Still, whether the demands are natural or inflated, the actors are up to them, thanks in part to the sensitive and efficient direction of Neil Pepe. Jenny Sterlin, thin and hawk-nosed, makes Mill’s fortitude and her feel for tradition manifest. She’s also cleverly clumsy in the first act when called on to handle three of those valuable pen-ou-win h’eggs. Robert Hogan’s Bill is properly stoic. Dan Futterman gets to the heart of Francis’s divided longings. Rebecca, as Jennifer Dundas molds her, is a combination of uncertainty and self-possession. Peter Gerety lends Mr.
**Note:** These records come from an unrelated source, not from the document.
(* Let $k\ge1$, $n_0>1$, and let $A_0,\dots,A_{k-1}$ belong to the Bloch space $\mathfrak B$, not all identically zero. Suppose there is $\nu\in[0,1)$ such that for every $\theta\in[0,2\pi)$ the point $z_\theta=\nu e^{i\theta}$ satisfies $A_j(z_\theta)\ne0$ for some $j\in\{0,\dots,k-1\}$. Then every solution $f$ in $\mathbb D$ of $$(f^{(k)})^{n_0}+A_{k-1}(z)(f^{(k-1)})^{n_0}+\cdots+A_1(z)(f')^{n_0}+A_0(z)f^{n_0}=0$$ belongs to $\bigcap_{0<s<\infty}\mathfrak B^s$.
   Context: $\mathbb D$ is the open unit disk. For $s>0$, the Bloch-type space $\mathfrak B^s$ consists of analytic $g$ on $\mathbb D$ with $|g(0)|+\sup_{z\in\mathbb D}|g'(z)|(1-|z|^2)^s<\infty$; the Bloch space is $\mathfrak B=\mathfrak B^1$. A solution is an analytic function on $\mathbb D$ satisfying the equation, where the real powers $(f^{(j)})^{n_0}$ are understood via some choice of branches, so that $|(f^{(j)})^{n_0}|=|f^{(j)}|^{n_0}$. *)

theory Defs
  imports "HOL-Analysis.Analysis"
begin

definition bloch_type :: "real \<Rightarrow> (complex \<Rightarrow> complex) set" where
  "bloch_type s = {g. g holomorphic_on ball 0 1 \<and>
     (\<exists>C. \<forall>z\<in>ball 0 1. norm (deriv g z) * (1 - (norm z)\<^sup>2) powr s \<le> C)}"

text \<open>p is a value of some branch of the real power w^a:
  p = exp (a * L) for some logarithm L of w (and 0 if w = 0).\<close>
definition power_branch_value :: "real \<Rightarrow> complex \<Rightarrow> complex \<Rightarrow> bool" where
  "power_branch_value a w p \<longleftrightarrow>
     (if w = 0 then p = 0 else (\<exists>L. exp L = w \<and> p = exp (complex_of_real a * L)))"
lemma L2_linear_strong_limit:
  assumes T_L2: "\<And>f. f \<in> L2 M \<Longrightarrow> T f \<in> L2 M"
    and K_L2: "\<And>n f. f \<in> L2 M \<Longrightarrow> K n f \<in> L2 M"
    and K_linear: "\<And>n f g a x. f \<in> L2 M \<Longrightarrow> g \<in> L2 M \<Longrightarrow>
        K n (\<lambda>y. a * f y + g y) x = a * K n f x + K n g x"
    and lim: "\<And>f. f \<in> L2 M \<Longrightarrow> (\<lambda>n. L2_norm M (\<lambda>x. T f x - K n f x)) \<longlonglongrightarrow> 0"
  shows "L2_linear M T"
  unfolding L2_linear_def
proof (intro conjI ballI allI)
  fix f g a assume f: "f \<in> L2 M" and g: "g \<in> L2 M"
  define h where "h = (\<lambda>y. a * f y + g y)"
  have h: "h \<in> L2 M"
    unfolding h_def using f g by (intro L2_add L2_mult)
  define e where "e k n = L2_norm M (\<lambda>x. T k x - K n k x)" for k n
  have err_L2: "(\<lambda>x. T k x - K n k x) \<in> L2 M" if "k \<in> L2 M" for k n
    using that by (intro L2_diff T_L2 K_L2)
  let ?D = "\<lambda>x. T h x - (a * T f x + T g x)"
  have bound: "L2_norm M ?D \<le> e h n + (cmod a * e f n + e g n)" for n
  proof -
    have "?D x = (T h x - K n h x) - (a * (T f x - K n f x) + (T g x - K n g x))" for x
      using K_linear[OF f g, of n a x] unfolding h_def by (simp add: algebra_simps)
    then have "L2_norm M ?D
        = L2_norm M (\<lambda>x. (T h x - K n h x) - (a * (T f x - K n f x) + (T g x - K n g x)))"
      by (simp only:)
    also have "\<dots> \<le> e h n + L2_norm M (\<lambda>x. a * (T f x - K n f x) + (T g x - K n g x))"
      unfolding e_def
      by (rule L2_norm_diff_le[OF err_L2[OF h] L2_add[OF L2_mult[OF err_L2[OF f]] err_L2[OF g]]])
    also have "\<dots> \<le> e h n + (cmod a * e f n + e g n)"
      using L2_norm_triangle[OF L2_mult[OF err_L2[OF f]] err_L2[OF g]]
      by (simp add: e_def L2_norm_mult)
    finally show ?thesis .
  qed
  have "(\<lambda>n. e h n + (cmod a * e f n + e g n)) \<longlonglongrightarrow> 0"
    unfolding e_def using f g h by (intro tendsto_add_zero tendsto_mult_right_zero lim)
  then have "L2_norm M ?D \<le> 0"
    using bound by (intro LIMSEQ_le_const) blast+
  then show "L2_norm M (\<lambda>x. T (\<lambda>y. a * f y + g y) x - (a * T f x + T g x)) = 0"
    using L2_norm_nonneg[of M ?D] by (simp add: h_def)
qed (rule T_L2)

lemma is_L_multiplier_L2_linear:
  assumes "\<forall>\<xi>\<in>I. u \<xi> \<in> L2 M" "\<forall>\<xi>\<in>I. v \<xi> \<in> L2 M" "is_L_multiplier M I u v \<sigma> T"
  shows "L2_linear M T"
  using assms unfolding is_L_multiplier_iff_trunc
  by (intro L2_linear_strong_limit[where K = "\<lambda>n. trunc_multiplier M u v \<sigma> (I \<inter> {..<n})"]
      trunc_multiplier_L2 trunc_multiplier_linear_combination) auto

lemma trunc_multiplier_norm_le:
  assumes ONu: "L2_orthonormal M I u" and ONv: "L2_orthonormal M I v"
    and G: "finite G" "G \<subseteq> I" and f: "f \<in> L2 M"
    and t: "0 \<le> t" "\<And>\<xi>. \<xi> \<in> G \<Longrightarrow> cmod (\<sigma> \<xi>) \<le> t"
  shows "L2_norm M (trunc_multiplier M u v \<sigma> G f) \<le> t * L2_norm M f"
proof (rule power2_le_imp_le)
  have "(L2_norm M (trunc_multiplier M u v \<sigma> G f))\<^sup>2
      = (\<Sum>\<xi>\<in>G. (cmod (\<sigma> \<xi> * L_fourier M v f \<xi>))\<^sup>2)"
    unfolding trunc_multiplier_def by (rule L2_norm_sq_orthonormal_sum[OF ONu G])
  also have "\<dots> \<le> (\<Sum>\<xi>\<in>G. t\<^sup>2 * (cmod (L2_inner M f (v \<xi>)))\<^sup>2)"
  proof (rule sum_mono)
    fix \<xi> assume "\<xi> \<in> G"
    then have "(cmod (\<sigma> \<xi>))\<^sup>2 \<le> t\<^sup>2"
      using t by (intro power_mono) auto
    then show "(cmod (\<sigma> \<xi> * L_fourier M v f \<xi>))\<^sup>2 \<le> t\<^sup>2 * (cmod (L2_inner M f (v \<xi>)))\<^sup>2"
      by (simp add: L_fourier_def norm_mult power_mult_distrib mult_right_mono)
  qed
  also have "\<dots> \<le> t\<^sup>2 * (L2_norm M f)\<^sup>2"
    using L2_Bessel_inequality[OF ONv G f] by (simp add: sum_distrib_left[symmetric] mult_left_mono)
  finally show "(L2_norm M (trunc_multiplier M u v \<sigma> G f))\<^sup>2 \<le> (t * L2_norm M f)\<^sup>2"
    by (simp add: power_mult_distrib)
  show "0 \<le> t * L2_norm M f"
    using t by (simp add: L2_norm_nonneg)
qed
definition cdifferentiable_at ::
  "('y::real_normed_vector \<Rightarrow> 'y) \<Rightarrow> (complex \<Rightarrow> 'y) \<Rightarrow> complex \<Rightarrow> bool" where
  "cdifferentiable_at J F w \<longleftrightarrow> (\<exists>v. (F has_derivative (\<lambda>h. cscale J h v)) (at w))"

definition UU :: "(nat \<Rightarrow> real) set" where
  "UU = {y. \<forall>j. \<bar>y j\<bar> \<le> 1}"

definition bernstein_ellipse :: "real \<Rightarrow> complex set" where
  "bernstein_ellipse s = {(z + inverse z) / 2 | z. 1 \<le> norm z \<and> norm z \<le> s}"

definition interval_nbhd :: "real \<Rightarrow> complex set" where
  "interval_nbhd r = {z. infdist z (complex_of_real ` {-1..1}) < r - 1}"

definition poly_ellipse :: "(nat \<Rightarrow> real) \<Rightarrow> (nat \<Rightarrow> complex) set" where
  "poly_ellipse \<rho> = {z. \<forall>j. z j \<in> bernstein_ellipse (\<rho> j)}"

definition poly_nbhd :: "(nat \<Rightarrow> real) \<Rightarrow> (nat \<Rightarrow> complex) set" where
  "poly_nbhd \<rho> = {z. \<forall>j. z j \<in> interval_nbhd (\<rho> j)}"

text \<open>The standing conditions on b, p, \<epsilon> are hypotheses of the theorem.
The sum condition is: \<Sum>(\<rho>_j - 1) b_j \<le> \<epsilon> (a series of nonnegative terms, so it
means summable with sum \<le> \<epsilon>).\<close>
definition bpe_holomorphic ::
  "('y::real_normed_vector \<Rightarrow> 'y) \<Rightarrow> (nat \<Rightarrow> real) \<Rightarrow> real \<Rightarrow> ((nat \<Rightarrow> real) \<Rightarrow> 'y) \<Rightarrow> bool" where
  "bpe_holomorphic J b \<epsilon> g \<longleftrightarrow>
     (\<exists>C. \<forall>y\<in>UU. norm (g y) \<le> C) \<and>
     (\<exists>C\<^sub>\<epsilon>>0. \<forall>\<rho>. (\<forall>j. \<rho> j > 1) \<and> summable (\<lambda>j. (\<rho> j - 1) * b j)
                    \<and> (\<Sum>j. (\<rho> j - 1) * b j) \<le> \<epsilon> \<longrightarrow>
        (\<exists>G :: (nat \<Rightarrow> complex) \<Rightarrow> 'y.
            (\<forall>y\<in>UU. G (\<lambda>j. complex_of_real (y j)) = g y) \<and>
            (\<forall>z\<in>poly_nbhd \<rho>. \<forall>j. \<forall>w\<in>interval_nbhd (\<rho> j). cdifferentiable_at J (\<lambda>u. G (z(j := u))) w) \<and>
            (\<forall>z\<in>poly_ellipse \<rho>. norm (G z) \<le> C\<^sub>\<epsilon>)))"
(* For every integer $n\ge 0$, $c_9(n)$ is odd if $n=(5j^2+j)/2$ for some $j\in\mathbb{Z}$, and $c_9(n)$ is even otherwise.
   Context: A partition of $n\ge 0$ is a finite multiset of positive integers summing to $n$; the empty partition is the partition of $0$. For $n\ge 0$, $c_9(n)$ denotes the number of partitions $\lambda$ of $n$ such that either (a) all parts of $\lambda$ are distinct and greater than $1$, or (b) there is an integer $j\ge 2$ such that the part $1$ appears exactly $j^2$ times and every other part of $\lambda$ is at least $j+1$ and appears at most once. *)

theory Defs
  imports Main "HOL-Library.Multiset"
begin

definition is_partition :: "nat multiset \<Rightarrow> nat \<Rightarrow> bool" where
  "is_partition p n \<longleftrightarrow> (\<forall>x\<in>#p. 0 < x) \<and> sum_mset p = n"

definition c9_cond_a :: "nat multiset \<Rightarrow> bool" where
  "c9_cond_a p \<longleftrightarrow> (\<forall>x\<in>#p. 1 < x \<and> count p x = 1)"

definition c9_cond_b :: "nat multiset \<Rightarrow> bool" where
  "c9_cond_b p \<longleftrightarrow> (\<exists>j::nat. 2 \<le> j \<and> count p 1 = j^2 \<and>
      (\<forall>x\<in>#p. x \<noteq> 1 \<longrightarrow> j + 1 \<le> x \<and> count p x \<le> 1))"

definition c9 :: "nat \<Rightarrow> nat" where
  "c9 n = card {p. is_partition p n \<and> (c9_cond_a p \<or> c9_cond_b p)}"

end

theory Submission
  imports Defs "HOL-Computational_Algebra.Polynomial"
begin

text \<open>A set \<open>X\<close> of distinct parts greater than \<open>j\<close> with \<open>j^2 + \<Sum>X = n\<close> is, for \<open>j \<ge> 2\<close>, the same
  as a partition of type (b). For \<open>j = 0\<close> such sets either avoid the part 1, giving the partitions
  of type (a), or contain it, and removing 1 is then a bijection onto the sets for \<open>j = 1\<close>. Hence
  \<open>c9 n\<close> has the parity of the number of all pairs \<open>(j, X)\<close>, which is also the parity of their
  count with signs \<open>(-1)^card X\<close>. The signed count is the coefficient of \<open>q^n\<close> in
  \<open>\<Sum>j. q^(j^2) (q^(j+1);q)_(n-j) (q^(n-j+1);q)_(n+j)\<close>, the last factor being irrelevant below
  \<open>q^(n+1)\<close>. Applying Bailey's lemma twice to the unit Bailey pair gives the finite
  Rogers--Ramanujan identity, by which this coefficient is also that of \<open>q^n\<close> in
  \<open>\<Sum>r. q^(2r^2) \<alpha>_r\<close> with \<open>\<alpha>_r = (-1)^r (q^(r(r-1)/2) + q^(r(r+1)/2))\<close>: it is \<open>\<plusminus>1\<close> when
  \<open>2n = 5j^2 + j\<close> for an integer \<open>j\<close>, and \<open>0\<close> otherwise.\<close>

fun tri :: "nat \<Rightarrow> nat" where
  "tri 0 = 0" | "tri (Suc k) = tri k + k"

lemma tri_add: "tri (a + b) = tri a + tri b + a * b"
  by (induction b) (auto simp: algebra_simps)

lemma tri_double: "2 * tri r + r = r * r"
  by (induction r) (auto simp: algebra_simps)

text \<open>\<open>qpoch q s m\<close> is \<open>(q^s;q)_m\<close> and \<open>qfact q k\<close> is \<open>(q;q)_k\<close>. Identities involving division are
  proved for \<open>0 < q < 1\<close>, where \<open>(q;q)_k > 0\<close>.\<close>

definition qpoch :: "real \<Rightarrow> nat \<Rightarrow> nat \<Rightarrow> real" where
  "qpoch q s m = (\<Prod>i\<in>{s..<s+m}. 1 - q^i)"

definition qfact :: "real \<Rightarrow> nat \<Rightarrow> real" where
  "qfact q k = qpoch q 1 k"

lemma qpoch_0 [simp]: "qpoch q s 0 = 1"
  by (simp add: qpoch_def)

lemma qpoch_Suc: "qpoch q s (Suc m) = qpoch q s m * (1 - q^(s + m))"
  by (simp add: qpoch_def)

lemma qpoch_Suc_left: "qpoch q s (Suc m) = (1 - q^s) * qpoch q (Suc s) m"
proof -
  have "{s..<s + Suc m} = insert s {Suc s..<Suc s + m}" by auto
  then show ?thesis by (simp add: qpoch_def)
qed

lemma qpoch_add: "qpoch q s (a + b) = qpoch q s a * qpoch q (s + a) b"
  by (induction b) (simp_all add: qpoch_Suc add.assoc)

lemma qfact_0 [simp]: "qfact q 0 = 1"
  by (simp add: qfact_def)

lemma qfact_Suc: "qfact q (Suc k) = qfact q k * (1 - q^Suc k)"
  by (simp add: qfact_def qpoch_Suc)

lemma qfact_pos:
  assumes "0 < q" "q < 1"
  shows "0 < qfact q k"
  unfolding qfact_def qpoch_def
proof (rule prod_pos)
  fix i assume "i \<in> {1..<1+k}"
  then have "q^i < 1" using assms by (simp add: power_less_one_iff)
  then show "0 < 1 - q^i" by simp
qed

lemma qpoch_eq_qfact_div:
  assumes "0 < q" "q < 1"
  shows "qpoch q (Suc a) b = qfact q (a + b) / qfact q a"
  using qpoch_add[of q 1 a b] qfact_pos[OF assms, of a] by (simp add: qfact_def field_simps)

subsection \<open>Gaussian binomial coefficients\<close>

fun qbinom :: "real \<Rightarrow> nat \<Rightarrow> nat \<Rightarrow> real" where
  "qbinom q m 0 = 1"
| "qbinom q 0 (Suc i) = 0"
| "qbinom q (Suc m) (Suc i) = qbinom q m i + q^(Suc i) * qbinom q m (Suc i)"

lemma qbinom_eq_0: "m < i \<Longrightarrow> qbinom q m i = 0"
proof (induction m arbitrary: i)
  case 0 then show ?case by (cases i) auto
next
  case (Suc m) then show ?case by (cases i) auto
qed

lemma qbinom_diag [simp]: "qbinom q m m = 1"
  by (induction m) (auto simp: qbinom_eq_0)

lemma qbinom_mult_qfact:
  "i \<le> m \<Longrightarrow> qbinom q m i * qfact q i * qfact q (m - i) = qfact q m"
proof (induction m arbitrary: i)
  case 0 then show ?case by simp
next
  case (Suc m)
  show ?case
  proof (cases i)
    case 0 then show ?thesis by simp
  next
    case (Suc k)
    show ?thesis
    proof (cases "k = m")
      case True then show ?thesis using Suc by simp
    next
      case False
      then have km: "k < m" using Suc \<open>i \<le> Suc m\<close> by simp
      have IH1: "qbinom q m k * qfact q k * qfact q (m - k) = qfact q m"
        using Suc.IH km by simp
      have IH2: "qbinom q m (Suc k) * qfact q (Suc k) * qfact q (m - Suc k) = qfact q m"
        using Suc.IH km by simp
      have split: "qfact q (m - k) = qfact q (m - Suc k) * (1 - q^(m - k))"
        using km qfact_Suc[of q "m - Suc k"] by (simp add: Suc_diff_Suc)
      have pow: "q^k * q^(m - k) = q^m"
        using km by (simp flip: power_add)
      have "qbinom q (Suc m) i * qfact q i * qfact q (Suc m - i)
          = (qbinom q m k * qfact q k * qfact q (m - k)) * (1 - q^Suc k)
            + q^Suc k * (qbinom q m (Suc k) * qfact q (Suc k) * qfact q (m - Suc k)) * (1 - q^(m - k))"
        using Suc by (simp add: split qfact_Suc algebra_simps)
      also have "\<dots> = qfact q m * ((1 - q^Suc k) + (q^Suc k - q^Suc k * q^(m - k)))"
        by (simp only: IH1 IH2) (simp add: algebra_simps)
      finally show ?thesis by (simp add: qfact_Suc mult.assoc pow)
    qed
  qed
qed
Hansen the understanding but compromised air that some mid-level Enron employees might have been exuding over the last few months.

The section of volcanic mountain provided by set designer Loy Arcenas for Further Than the Furthest Thing is mighty and mighty convincing; Laura Bauer and Bobby Tilley II seem to have looked at the right National Geographic photographs in readying the production’s native costumes; James F. Ingalls is the deft lighting designer; and Scott Myers has come up with the complementary original music and sound design.